lemma cols_Suc: "cols (Suc n) I = (\<lambda>(v, c). c(n := v)) ` (I \<times> cols n I)"
proof (intro equalityI subsetI)
  fix c assume "c \<in> cols (Suc n) I"
  then have "c = (\<lambda>(v, c). c(n := v)) (c n, c(n := 0))" "(c n, c(n := 0)) \<in> I \<times> cols n I"
    unfolding cols_def by auto
  then show "c \<in> (\<lambda>(v, c). c(n := v)) ` (I \<times> cols n I)" by blast
qed (auto simp: cols_def)

lemma cols_0: "cols 0 I = {\<lambda>_. 0}"
  unfolding cols_def by auto

lemma card_cols: "finite I \<Longrightarrow> card (cols n I) = card I ^ n"
proof (induction n)
  case (Suc n)
  have "inj_on (\<lambda>(v, c). c(n := v)) (I \<times> cols n I)"
    unfolding inj_on_def cols_def by (auto simp: fun_eq_iff)
  then show ?case unfolding cols_Suc using Suc by (simp add: card_image card_cartesian_product)
qed (simp add: cols_0)

lemma finite_cols: "finite I \<Longrightarrow> finite (cols n I)"
  by (induction n) (simp_all add: cols_0 cols_Suc)

lemma gvecs_eq_cols: "gvecs k = cols k UNIV"
  unfolding gvecs_def cols_def by (auto simp: zero_fun_def)

lemma gmats_eq_cols: "gmats k n = cols k (cols n UNIV)"
  unfolding gmats_def cols_def by (auto simp: zero_fun_def fun_eq_iff) (metis not_less)

lemma vecmat_diff: "vecmat k n b (A - A') = vecmat k n b A - vecmat k n b A'"
  unfolding vecmat_def by (auto simp: fun_eq_iff gconv_diff_right sum_subtractf)

lemma vecmat_image_gmats: "vecmat k n b ` gmats k n = cols n (gen_ideal k b)"
proof (intro equalityI subsetI)
  fix c assume "c \<in> vecmat k n b ` gmats k n"
  then obtain A where c: "c = vecmat k n b A" by auto
  show "c \<in> cols n (gen_ideal k b)"
    unfolding cols_def c vecmat_def gen_ideal_def by (auto intro: exI[of _ "\<lambda>i. A i _"])
next
  fix c assume c: "c \<in> cols n (gen_ideal k b)"
  then have "\<forall>j. \<exists>a. j < n \<longrightarrow> c j = (\<lambda>z. \<Sum>i<k. gconv (b i) (a i) z)"
    unfolding cols_def gen_ideal_def by auto
  then obtain a where a: "\<And>j. j < n \<Longrightarrow> c j = (\<lambda>z. \<Sum>i<k. gconv (b i) (a j i) z)"
    by metis
  define A where "A = (\<lambda>i j. if i < k \<and> j < n then a j i else 0)"
  have "A \<in> gmats k n" unfolding A_def gmats_def by (auto simp: zero_fun_def)
  moreover have "vecmat k n b A = c"
  proof
    fix j
    show "vecmat k n b A j = c j"
      using c a[of j] unfolding vecmat_def A_def cols_def by (auto simp: zero_fun_def intro!: sum.cong)
  qed
  ultimately show "c \<in> vecmat k n b ` gmats k n" by blast
qed
definition vsubspace :: "(nat \<Rightarrow> 'k::field) set \<Rightarrow> bool" where
  "vsubspace V \<longleftrightarrow> vzero \<in> V \<and> (\<forall>v\<in>V. \<forall>w\<in>V. vadd v w \<in> V) \<and> (\<forall>c. \<forall>v\<in>V. vsc c v \<in> V)"

definition vfin_dim :: "(nat \<Rightarrow> 'k::field) set \<Rightarrow> bool" where
  "vfin_dim V \<longleftrightarrow> (\<exists>B. finite B \<and> B \<subseteq> V \<and>
      (\<forall>v\<in>V. \<exists>c. v = (\<lambda>i. \<Sum>b\<in>B. c b * b i)))"

(* Lambda: a finite dimensional algebra over the field 'k, given as a ring 'a
   with a k-scalar multiplication sc *)
definition fd_algebra :: "('k::field \<Rightarrow> 'a::ring_1 \<Rightarrow> 'a) \<Rightarrow> bool" where
  "fd_algebra sc \<longleftrightarrow> vector_space sc \<and>
     (\<forall>c x y. sc c (x * y) = sc c x * y \<and> sc c (x * y) = x * sc c y) \<and>
     (\<exists>B. finite B \<and> module.span sc B = UNIV)"

(* a (right) Lambda-module: carrier subspace V and right action act v a = v.a *)
type_synonym ('k, 'a) rmod = "(nat \<Rightarrow> 'k) set \<times> ((nat \<Rightarrow> 'k) \<Rightarrow> 'a \<Rightarrow> (nat \<Rightarrow> 'k))"

definition is_module :: "('k::field \<Rightarrow> 'a::ring_1 \<Rightarrow> 'a) \<Rightarrow> ('k, 'a) rmod \<Rightarrow> bool" where
  "is_module sc M \<longleftrightarrow> (case M of (V, act) \<Rightarrow>
     vsubspace V \<and> vfin_dim V \<and>
     (\<forall>v\<in>V. \<forall>a. act v a \<in> V) \<and>
     (\<forall>v\<in>V. act v 1 = v) \<and>
     (\<forall>v\<in>V. \<forall>a b. act v (a * b) = act (act v a) b) \<and>
     (\<forall>v\<in>V. \<forall>w\<in>V. \<forall>a. act (vadd v w) a = vadd (act v a) (act w a)) \<and>
     (\<forall>v\<in>V. \<forall>a b. act v (a + b) = vadd (act v a) (act v b)) \<and>
     (\<forall>v\<in>V. \<forall>c a. act (vsc c v) a = vsc c (act v a) \<and> act v (sc c a) = vsc c (act v a)))"

definition is_zero_module :: "('k::field, 'a) rmod \<Rightarrow> bool" where
  "is_zero_module M \<longleftrightarrow> fst M = {vzero}"

(* W is (the carrier of) a submodule of M; the submodule itself is (W, snd M) *)
definition is_submod :: "('k::field \<Rightarrow> 'a::ring_1 \<Rightarrow> 'a) \<Rightarrow> ('k, 'a) rmod \<Rightarrow> (nat \<Rightarrow> 'k) set \<Rightarrow> bool" where
  "is_submod sc M W \<longleftrightarrow> is_module sc M \<and> W \<subseteq> fst M \<and> is_module sc (W, snd M)"

definition is_hom :: "('k::field \<Rightarrow> 'a::ring_1 \<Rightarrow> 'a) \<Rightarrow> ('k, 'a) rmod \<Rightarrow> ('k, 'a) rmod
    \<Rightarrow> ((nat \<Rightarrow> 'k) \<Rightarrow> (nat \<Rightarrow> 'k)) \<Rightarrow> bool" where
  "is_hom sc M N g \<longleftrightarrow> is_module sc M \<and> is_module sc N \<and>
     (\<forall>v\<in>fst M. g v \<in> fst N) \<and>
     (\<forall>v\<in>fst M. \<forall>w\<in>fst M. g (vadd v w) = vadd (g v) (g w)) \<and>
     (\<forall>c. \<forall>v\<in>fst M. g (vsc c v) = vsc c (g v)) \<and>
     (\<forall>a. \<forall>v\<in>fst M. g (snd M v a) = snd N (g v) a)"

(* N is a quotient of M by the submodule A, via the surjection g with kernel A,
   i.e. 0 -> A -> M -> N -> 0 is a short exact sequence *)
definition is_quot :: "('k::field \<Rightarrow> 'a::ring_1 \<Rightarrow> 'a) \<Rightarrow> ('k, 'a) rmod \<Rightarrow> (nat \<Rightarrow> 'k) set
    \<Rightarrow> ('k, 'a) rmod \<Rightarrow> ((nat \<Rightarrow> 'k) \<Rightarrow> (nat \<Rightarrow> 'k)) \<Rightarrow> bool" where
  "is_quot sc M A N g \<longleftrightarrow> is_submod sc M A \<and> is_hom sc M N g \<and>
     g ` fst M = fst N \<and> {v \<in> fst M. g v = vzero} = A"

definition torsion_class :: "('k::field \<Rightarrow> 'a::ring_1 \<Rightarrow> 'a) \<Rightarrow> ('k, 'a) rmod set \<Rightarrow> bool" where
  "torsion_class sc G \<longleftrightarrow> (\<forall>M\<in>G. is_module sc M) \<and>
     (\<forall>M N g. M \<in> G \<and> is_hom sc M N g \<and> g ` fst M = fst N \<longrightarrow> N \<in> G) \<and>
     (\<forall>M A N g. is_quot sc M A N g \<and> (A, snd M) \<in> G \<and> N \<in> G \<longrightarrow> M \<in> G)"

definition subobj :: "('k::field \<Rightarrow> 'a::ring_1 \<Rightarrow> 'a) \<Rightarrow> ('k, 'a) rmod set \<Rightarrow> ('k, 'a) rmod
    \<Rightarrow> (nat \<Rightarrow> 'k) set \<Rightarrow> bool" where
  "subobj sc G B A \<longleftrightarrow> is_submod sc B A \<and> (A, snd B) \<in> G"

definition strict_subobj :: "('k::field \<Rightarrow> 'a::ring_1 \<Rightarrow> 'a) \<Rightarrow> ('k, 'a) rmod set \<Rightarrow> ('k, 'a) rmod
    \<Rightarrow> (nat \<Rightarrow> 'k) set \<Rightarrow> bool" where
  "strict_subobj sc G B A \<longleftrightarrow> subobj sc G B A \<and>
     (\<forall>B'. subobj sc G B B' \<longrightarrow> (A \<inter> B', snd B) \<in> G)"

(* V_Lambda = Hom(K_0 Lambda, R): real-valued functions on modules that are additive on
   short exact sequences (hence isomorphism invariant); normalised to 0 off modules *)
definition VLam :: "('k::field \<Rightarrow> 'a::ring_1 \<Rightarrow> 'a) \<Rightarrow> (('k, 'a) rmod \<Rightarrow> real) set" where
  "VLam sc = {\<theta>. (\<forall>M. \<not> is_module sc M \<longrightarrow> \<theta> M = 0) \<and>
     (\<forall>M A N g. is_quot sc M A N g \<longrightarrow> \<theta> M = \<theta> (A, snd M) + \<theta> N)}"

definition Dwall :: "('k::field \<Rightarrow> 'a::ring_1 \<Rightarrow> 'a) \<Rightarrow> ('k, 'a) rmod set \<Rightarrow> ('k, 'a) rmod
    \<Rightarrow> (('k, 'a) rmod \<Rightarrow> real) set" where
  "Dwall sc G M = {\<theta> \<in> VLam sc. \<theta> M = 0 \<and>
     (\<forall>A. strict_subobj sc G M A \<longrightarrow> \<theta> (A, snd M) \<le> 0)}"

definition Wall :: "('k::field \<Rightarrow> 'a::ring_1 \<Rightarrow> 'a) \<Rightarrow> ('k, 'a) rmod set
    \<Rightarrow> (('k, 'a) rmod \<Rightarrow> real) set" where
  "Wall sc G = (\<Union>M\<in>{M \<in> G. \<not> is_zero_module M}. Dwall sc G M)"

definition Pcls :: "('k::field \<Rightarrow> 'a::ring_1 \<Rightarrow> 'a) \<Rightarrow> ('k, 'a) rmod set
    \<Rightarrow> (('k, 'a) rmod \<Rightarrow> real) \<Rightarrow> ('k, 'a) rmod set" where
  "Pcls sc G \<theta> = {M. is_module sc M \<and> (is_zero_module M \<or>
     (M \<in> G \<and> (\<forall>A N g. strict_subobj sc G M A \<and> is_quot sc M A N g \<and> \<not> is_zero_module N
          \<longrightarrow> \<theta> N > 0)))}"

(* theta0, theta1 lie in the same path component of V_Lambda - W(G).  The (Euclidean)
   topology of V_Lambda is the one making every evaluation theta |-> theta(M) continuous. *)
definition same_path_comp :: "('k::field \<Rightarrow> 'a::ring_1 \<Rightarrow> 'a) \<Rightarrow> ('k, 'a) rmod set
    \<Rightarrow> (('k, 'a) rmod \<Rightarrow> real) \<Rightarrow> (('k, 'a) rmod \<Rightarrow> real) \<Rightarrow> bool" where
  "same_path_comp sc G \<theta>0 \<theta>1 \<longleftrightarrow> (\<exists>\<gamma> :: real \<Rightarrow> ('k, 'a) rmod \<Rightarrow> real.
     \<gamma> 0 = \<theta>0 \<and> \<gamma> 1 = \<theta>1 \<and>
     (\<forall>t\<in>{0..1}. \<gamma> t \<in> VLam sc - Wall sc G) \<and>
     (\<forall>M. continuous_on {0..1} (\<lambda>t. \<gamma> t M)))"

end

theory Submission
  imports Defs "HOL-Library.Function_Algebras"
begin

(* Fix a nonzero M in G and a path \<gamma> from \<theta>0 to \<theta>1 avoiding W(G). For \<theta> in VLam,
   M \<in> P(\<theta>) says \<theta>(A) < \<theta>(M) for every proper strict subobject A of M.
   Although M may have infinitely many submodules, the functionals \<theta> \<mapsto> \<theta>(A) on VLam,
   for A a submodule of M, form a finite set: for a maximal submodule M' of M, either
   A \<subseteq> M' or A + M' = M and \<theta>(A) = \<theta>(A \<inter> M') + \<theta>(M) - \<theta>(M'), so induction on the
   dimension applies. Hence, if M \<in> P(\<theta>0) but M \<notin> P(\<theta>1), the intermediate value
   theorem for the minimum of the finitely many continuous functions
   t \<mapsto> \<gamma> t M - \<gamma> t A yields an s with \<gamma> s A \<le> \<gamma> s M for all proper strict
   subobjects A, with equality for some A0. Strict subobjects of M/A0 pull back to
   strict subobjects of M containing A0, so \<gamma> s lies on the pseudo-wall of M/A0,
   contradicting \<gamma> s \<notin> W(G). Reversing the path gives the other inclusion. *)

section \<open>Finite-dimensional subspaces of the ambient space\<close>

lemma vzero_eq [simp]: "vzero = (0 :: nat \<Rightarrow> 'k::field)"
  by (simp add: vzero_def fun_eq_iff)

lemma vadd_eq [simp]: "vadd v w = v + (w :: nat \<Rightarrow> 'k::field)"
  by (simp add: vadd_def plus_fun_def)

interpretation VS: vector_space "vsc :: 'k::field \<Rightarrow> (nat \<Rightarrow> 'k) \<Rightarrow> (nat \<Rightarrow> 'k)"
  by unfold_locales (simp_all add: vsc_def fun_eq_iff algebra_simps)

interpretation VS2: vector_space_pair
  "vsc :: 'k::field \<Rightarrow> (nat \<Rightarrow> 'k) \<Rightarrow> (nat \<Rightarrow> 'k)" "vsc :: 'k::field \<Rightarrow> (nat \<Rightarrow> 'k) \<Rightarrow> (nat \<Rightarrow> 'k)"
  by unfold_locales

lemma vsubspace_iff: "vsubspace V \<longleftrightarrow> VS.subspace (V :: (nat \<Rightarrow> 'k::field) set)"
  by (simp add: vsubspace_def VS.subspace_def)

lemma VS_span_finite_pointwise:
  fixes B :: "(nat \<Rightarrow> 'k::field) set"
  assumes "finite B"
  shows "VS.span B = {v. \<exists>c. v = (\<lambda>i. \<Sum>b\<in>B. c b * b i)}"
proof -
  have "(\<Sum>b\<in>B. vsc (c b) b) = (\<lambda>i. \<Sum>b\<in>B. c b * b i)" for c :: "(nat \<Rightarrow> 'k) \<Rightarrow> 'k"
    by (induction B rule: infinite_finite_induct) (auto simp: vsc_def fun_eq_iff)
  then show ?thesis
    using assms by (auto simp: VS.span_finite)
qed

lemma vfin_dim_iff:
  "vfin_dim V \<longleftrightarrow> (\<exists>B. finite B \<and> B \<subseteq> V \<and> V \<subseteq> VS.span (B :: (nat \<Rightarrow> 'k::field) set))"
  unfolding vfin_dim_def by (rule ex_cong1) (auto simp: VS_span_finite_pointwise)

lemma vfin_dim_independent_finite:
  assumes "vfin_dim V" "VS.independent B" "B \<subseteq> (V :: (nat \<Rightarrow> 'k::field) set)"
  shows "finite B"
proof -
  obtain T where "finite T" "V \<subseteq> VS.span T"
    using assms(1) vfin_dim_iff by blast
  then show ?thesis
    using VS.independent_span_bound assms(2,3) by blast
qed

lemma vfin_dim_subset:
  assumes "vfin_dim V" "W \<subseteq> (V :: (nat \<Rightarrow> 'k::field) set)"
  shows "vfin_dim W"
proof -
  obtain B where "B \<subseteq> W" "VS.independent B" "W \<subseteq> VS.span B"
    by (meson VS.basis_exists)
  moreover have "finite B"
    using vfin_dim_independent_finite assms calculation(1,2) by blast
  ultimately show ?thesis
    using vfin_dim_iff by blast
qed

━━━━━━━━━━━━━━━━

### What you will do
Scan the listing above and copy all lines containing the word "interpretation".

### Solution
interpretation VS: vector_space "vsc :: 'k::field \<Rightarrow> (nat \<Rightarrow> 'k) \<Rightarrow> (nat \<Rightarrow> 'k)"
interpretation VS2: vector_space_pair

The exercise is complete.